Why not cut out the middleman? Why not put our economy in gear, as it were, by putting the power, the quantitative easing-created dollars, directly into stimulus spending? As long as the projects created by this money were of value to society -- upgrading rail, replacing aging infrastructure like schools and firehouses -- and not monstrous mistakes (like The Maginot Line), there would be no negative effects such as those experienced when "failed empires and banana republics" use printed money without restraint to simply excuse a government whose spending is completely out of control.
Let me give this some emphasis: Any project that would have been funded through interest-bearing debt incurred by the taxpayer can be more efficiently funded through a quantitative easing-style mechanism, and for less money to the taxpayer.
Benjamin Franklin did this. Abraham Lincoln did this. Spending with created money can work. It will probably not happen anytime soon, though.
There are too many barriers to consideration -- misunderstandings, misinformation, and obfuscation -- currently in place, forcing our economy's engine to rev while we as a society roll backwards. A commenter to kmo's post summed it up nicely: "The [job of] people at Goldman Sachs . . . is to make money, not make moral decisions for the betterment of society and it seems to me that those who give their money to that industry do so primarily because they expect a profit."

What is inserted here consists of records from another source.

lemma exp_tilted_gram_ge:
  fixes Y :: "'a \<Rightarrow> real"
  assumes moments: "\<And>k. k \<le> 3 \<Longrightarrow> integrable M (\<lambda>w. Y w ^ k)"
    and tilted: "\<And>j. j \<le> 2 \<Longrightarrow> integrable M (\<lambda>w. Y w ^ j * exp (l * Y w))"
    and mean: "expectation Y = 0"
  shows "expectation (\<lambda>w. (Y w)\<^sup>2) + l * expectation (\<lambda>w. Y w ^ 3)
    \<le> expectation (\<lambda>w. exp (l * Y w)) * expectation (\<lambda>w. (Y w)\<^sup>2 * exp (l * Y w))
      - (expectation (\<lambda>w. Y w * exp (l * Y w)))\<^sup>2"
proof -
  define A B C s m3 where "A = expectation (\<lambda>w. exp (l * Y w))"
    and "B = expectation (\<lambda>w. Y w * exp (l * Y w))"
    and "C = expectation (\<lambda>w. (Y w)\<^sup>2 * exp (l * Y w))"
    and "s = expectation (\<lambda>w. (Y w)\<^sup>2)" and "m3 = expectation (\<lambda>w. Y w ^ 3)"
  have [simp]: "integrable M Y" "integrable M (\<lambda>w. (Y w)\<^sup>2)" "integrable M (\<lambda>w. Y w ^ 3)"
    using moments[of 1] moments[of 2] moments[of 3] by simp_all
  have [simp]: "integrable M (\<lambda>w. exp (l * Y w))" "integrable M (\<lambda>w. Y w * exp (l * Y w))"
    "integrable M (\<lambda>w. (Y w)\<^sup>2 * exp (l * Y w))"
    using tilted[of 0] tilted[of 1] tilted[of 2] by simp_all
  have lower_poly: "(\<lambda>w. (1 + l * Y w) * (Y w)\<^sup>2 + (1 - l * Y w) * s + l * m3)
      = (\<lambda>w. (Y w)\<^sup>2 + l * Y w ^ 3 + (s + l * m3) - l * s * Y w)"
    by (auto simp: fun_eq_iff algebra_simps power2_eq_square power3_eq_cube)
  have upper_poly: "(\<lambda>w. exp (l * Y w) * ((Y w)\<^sup>2 * A - 2 * Y w * B + C))
      = (\<lambda>w. A * ((Y w)\<^sup>2 * exp (l * Y w)) - 2 * B * (Y w * exp (l * Y w)) + C * exp (l * Y w))"
    by (auto simp: fun_eq_iff algebra_simps)
  \<comment> \<open>Integrating the bound of \<open>exp_tilted_quadratic_ge\<close> in \<open>a = Y w\<close> symmetrises it without product measures.\<close>
  have "2 * (s + l * m3) = expectation (\<lambda>w. (1 + l * Y w) * (Y w)\<^sup>2 + (1 - l * Y w) * s + l * m3)"
    unfolding lower_poly using mean by (simp add: prob_space flip: s_def m3_def)
  also have "\<dots> \<le> expectation (\<lambda>w. exp (l * Y w) * ((Y w)\<^sup>2 * A - 2 * Y w * B + C))"
  proof (rule integral_mono)
    show "integrable M (\<lambda>w. (1 + l * Y w) * (Y w)\<^sup>2 + (1 - l * Y w) * s + l * m3)"
      unfolding lower_poly by simp
    show "integrable M (\<lambda>w. exp (l * Y w) * ((Y w)\<^sup>2 * A - 2 * Y w * B + C))"
      unfolding upper_poly by simp
  qed (use exp_tilted_quadratic_ge[OF moments tilted mean] in \<open>simp add: A_def B_def C_def s_def m3_def\<close>)
  also have "\<dots> = A * C - 2 * B * B + C * A"
    unfolding upper_poly by (simp flip: A_def B_def C_def)
  also have "\<dots> = 2 * (A * C - B\<^sup>2)"
    by (simp add: algebra_simps power2_eq_square)
  finally show ?thesis
    by (simp add: A_def B_def C_def s_def m3_def)
qed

As long as profit remains the over-riding concern of monetary policy, there can be no change. And as long as Planet Money and other reporters insist that there are only a limited number of ways to improve the situation -- by failing to consider other ways, even if they impinge on their sponsor's right towards profit -- no one will be the wiser.
When Alan Greenspan didn't follow the mandate of his office and investigate why traditionally effective tools used by the Fed, such as raising interest rates, no longer seem efficacious, I guess I should grant NPR reporters, popular economy authors and YouTube publishers the same forgiveness. I should . . . but I can't.
We need the facts. We need them now.